lemma step_factor_pos: "step_factor k > 0"
  using of_nat_self_power_pos[of k] unfolding step_factor_def by simp

lemma ln_lower_bound_rational:
  fixes y :: real
  assumes "1 \<le> y"
  shows "2 * (y - 1) / (y + 1) \<le> ln y"
proof -
  let ?f = "\<lambda>y::real. 2 * (y - 1) / (y + 1) - ln y"
  have "?f y \<le> ?f 1"
  proof (rule DERIV_nonpos_imp_nonincreasing[OF assms])
    fix x :: real
    assume x: "1 \<le> x" "x \<le> y"
    have "DERIV ?f x :> - ((x - 1)\<^sup>2 / (x * (x + 1)\<^sup>2))"
      using x
      apply -
      apply (rule derivative_eq_intros refl | simp)+
        apply (subgoal_tac "x + 1 > 0")
         apply (simp add: divide_simps power2_eq_square)
        apply (simp add: algebra_simps)
       apply simp
      done
    then show "\<exists>d. DERIV ?f x :> d \<and> d \<le> 0"
      using x by force
  qed
  then show ?thesis by simp
qed

lemma ln_step_factor_mono:
  fixes s t :: real
  assumes "0 < s" "s \<le> t"
  shows "(s + 2) * ln (s + 2) - s * ln s - 2 * ln (s + 1) \<le> (t + 2) * ln (t + 2) - t * ln t - 2 * ln (t + 1)"
proof (rule DERIV_nonneg_imp_nondecreasing[OF assms(2)])
  fix x :: real
  assume x: "s \<le> x" "x \<le> t"
  then have "x > 0" using assms by simp
  then have "x \<noteq> 0" "x + 1 \<noteq> 0" "x + 2 \<noteq> 0" by simp_all
  with \<open>x > 0\<close> have deriv: "DERIV (\<lambda>x. (x + 2) * ln (x + 2) - x * ln x - 2 * ln (x + 1)) x
                      :> ln (x + 2) - ln x - 2 / (x + 1)"
    by (auto intro!: derivative_eq_intros)
  have "2 * ((x + 2) / x - 1) / ((x + 2) / x + 1) \<le> ln ((x + 2) / x)"
    by (rule ln_lower_bound_rational) (use \<open>x > 0\<close> in \<open>simp add: field_simps\<close>)
  moreover have "2 * ((x + 2) / x - 1) / ((x + 2) / x + 1) = 2 / (x + 1)"
    using \<open>x > 0\<close> by (simp add: field_simps)
  ultimately have "0 \<le> ln (x + 2) - ln x - 2 / (x + 1)"
    using \<open>x > 0\<close> by (simp add: ln_div)
  with deriv show "\<exists>d. DERIV (\<lambda>x. (x + 2) * ln (x + 2) - x * ln x - 2 * ln (x + 1)) x :> d \<and> 0 \<le> d"
    by blast
qed

lemma step_factor_mono_pos:
  assumes "1 \<le> p" "p \<le> k"
  shows "step_factor p \<le> step_factor k"
proof -
  have ln_sf: "ln (step_factor j) = (real j + 2) * ln (real j + 2) - real j * ln (real j) - 2 * ln (real j + 1)"
    if "1 \<le> j" for j
  proof -
    have pos: "real j ^ j > 0" "real (j + 1) ^ 2 > 0" "real (j + 2) ^ (j + 2) > 0"
      using that by simp_all
    have "ln (step_factor j) = ln (real (j + 2) ^ (j + 2)) - (ln (real j ^ j) + ln (real (j + 1) ^ 2))"
      unfolding step_factor_def using pos by (simp only: ln_divide_pos ln_mult_pos mult_pos_pos)
    also have "\<dots> = (real j + 2) * ln (real j + 2) - real j * ln (real j) - 2 * ln (real j + 1)"
      using that
      unfolding ln_realpow by (simp add: algebra_simps)
    finally show ?thesis .
  qed
  have "ln (step_factor p) \<le> ln (step_factor k)"
    unfolding ln_sf[OF assms(1)] ln_sf[OF order.trans[OF assms]]
    by (rule ln_step_factor_mono) (use assms in auto)
  then show ?thesis
    using step_factor_pos by simp
qed

lemma step_factor_0_less:
  assumes "0 < k"
  shows "step_factor 0 < step_factor k"
proof -
  have "step_factor 0 < step_factor 1"
    by (simp add: step_factor_def)
  also have "step_factor 1 \<le> step_factor k"
    by (rule step_factor_mono_pos) (use assms in auto)
  finally show ?thesis .
qed

lemma step_factor_mono:
  assumes "p \<le> k"
  shows "step_factor p \<le> step_factor k"
  using assms step_factor_mono_pos[of p k] step_factor_0_less[of k]
  by (cases "p = 0"; cases "k = 0") auto

section \<open>A lower bound for a ratio of \<open>\<Gamma>\<close> values\<close>

lemma nonneg_if_deriv_nonpos_tendsto_0:
  fixes f f' :: "real \<Rightarrow> real" and a x :: real
  assumes lim: "(f \<longlongrightarrow> 0) at_top"
    and deriv: "\<And>t. a < t \<Longrightarrow> (f has_real_derivative f' t) (at t)"
    and nonpos: "\<And>t. a < t \<Longrightarrow> f' t \<le> 0"
    and "a < x"
  shows "0 \<le> f x"
proof (rule tendsto_upperbound[OF lim])
  show "\<forall>\<^sub>F y in at_top. f y \<le> f x"
    using eventually_ge_at_top[of x]
  proof eventually_elim
    case (elim y)
    show "f y \<le> f x"
    proof (rule DERIV_nonpos_imp_nonincreasing[OF elim])
      fix t
      assume "x \<le> t"
      then have "a < t" using \<open>a < x\<close> by simp
      then show "\<exists>d. (f has_real_derivative d) (at t) \<and> d \<le> 0"
        using deriv nonpos by blast
    qed
  qed
qed simp

definition log_Gamma_gap :: "real \<Rightarrow> real" where
  "log_Gamma_gap M = 2 * ln (Gamma ((M + 1) / 2)) - 2 * ln (Gamma (M / 2))"

lemma log_Gamma_gap_add_two:
  fixes M :: real
  assumes "M > 0"
  shows "log_Gamma_gap (M + 2) = log_Gamma_gap M + 2 * ln (M + 1) - 2 * ln M"
proof -
  have e: "(M + 2 + 1) / 2 = (M + 1) / 2 + 1" "(M + 2) / 2 = M / 2 + 1"
    by (simp_all add: field_simps)
  have G1: "Gamma ((M + 2 + 1) / 2) = (M + 1) / 2 * Gamma ((M + 1) / 2)"
    unfolding e by (rule Gamma_plus1_real) (use assms in simp)
  have G2: "Gamma ((M + 2) / 2) = M / 2 * Gamma (M / 2)"
    unfolding e by (rule Gamma_plus1_real) (use assms in simp)
  have "ln (Gamma ((M + 2 + 1) / 2)) = ln (M + 1) - ln 2 + ln (Gamma ((M + 1) / 2))"
    unfolding G1 using assms by (simp add: ln_mult_pos ln_divide_pos)
  moreover have "ln (Gamma ((M + 2) / 2)) = ln M - ln 2 + ln (Gamma (M / 2))"
    unfolding G2 using assms by (simp add: ln_mult_pos ln_divide_pos)
  ultimately show ?thesis
    unfolding log_Gamma_gap_def by simp
qed

lemma log_Gamma_gap_ge:
  fixes M :: real
  assumes "M > 1"
  shows "ln ((M - 1) / 2) \<le> log_Gamma_gap M"
proof -
  define y where "y = (M - 1) / 2"
  have y: "y > 0" using assms by (simp add: y_def)
  have M: "M / 2 = y + 1/2" "(M + 1) / 2 = y + 1" by (simp_all add: y_def field_simps)
  have "y * Gamma (y + 1/2) ^ 2 \<le> y * (y * Gamma y ^ 2)"
    by (rule mult_left_mono[OF Gamma_plus_half_sq_le[OF y]]) (use y in simp)
  also have "\<dots> = Gamma (y + 1) ^ 2"
    by (simp add: Gamma_plus1_real[OF y] power2_eq_square)
  finally have "y * Gamma (M / 2) ^ 2 \<le> Gamma ((M + 1) / 2) ^ 2"
    by (simp only: M)
  moreover have "Gamma (M / 2) > 0" "Gamma ((M + 1) / 2) > 0"
    using assms by simp_all
  ultimately have "ln (y * Gamma (M / 2) ^ 2) \<le> ln (Gamma ((M + 1) / 2) ^ 2)"
    using y by simp
  then have "ln y + 2 * ln (Gamma (M / 2)) \<le> 2 * ln (Gamma ((M + 1) / 2))"
    using y \<open>Gamma (M / 2) > 0\<close> \<open>Gamma ((M + 1) / 2) > 0\<close> by (simp add: ln_mult ln_realpow)
  then show ?thesis
    by (simp add: log_Gamma_gap_def y_def)
qed

definition xlnx_midpoint_gap :: "real \<Rightarrow> real" where
  "xlnx_midpoint_gap M = ((M + 1) * ln (M + 1) + (M - 1) * ln (M - 1)) / 2 - M * ln M"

————

■ Work instructions ■
Pick out, from the lines above, every one that contains the string "auto".

■ Task response ■
    by (auto intro!: derivative_eq_intros)
    by (rule ln_step_factor_mono) (use assms in auto)
    by (rule step_factor_mono_pos) (use assms in auto)
  by (cases "p = 0"; cases "k = 0") auto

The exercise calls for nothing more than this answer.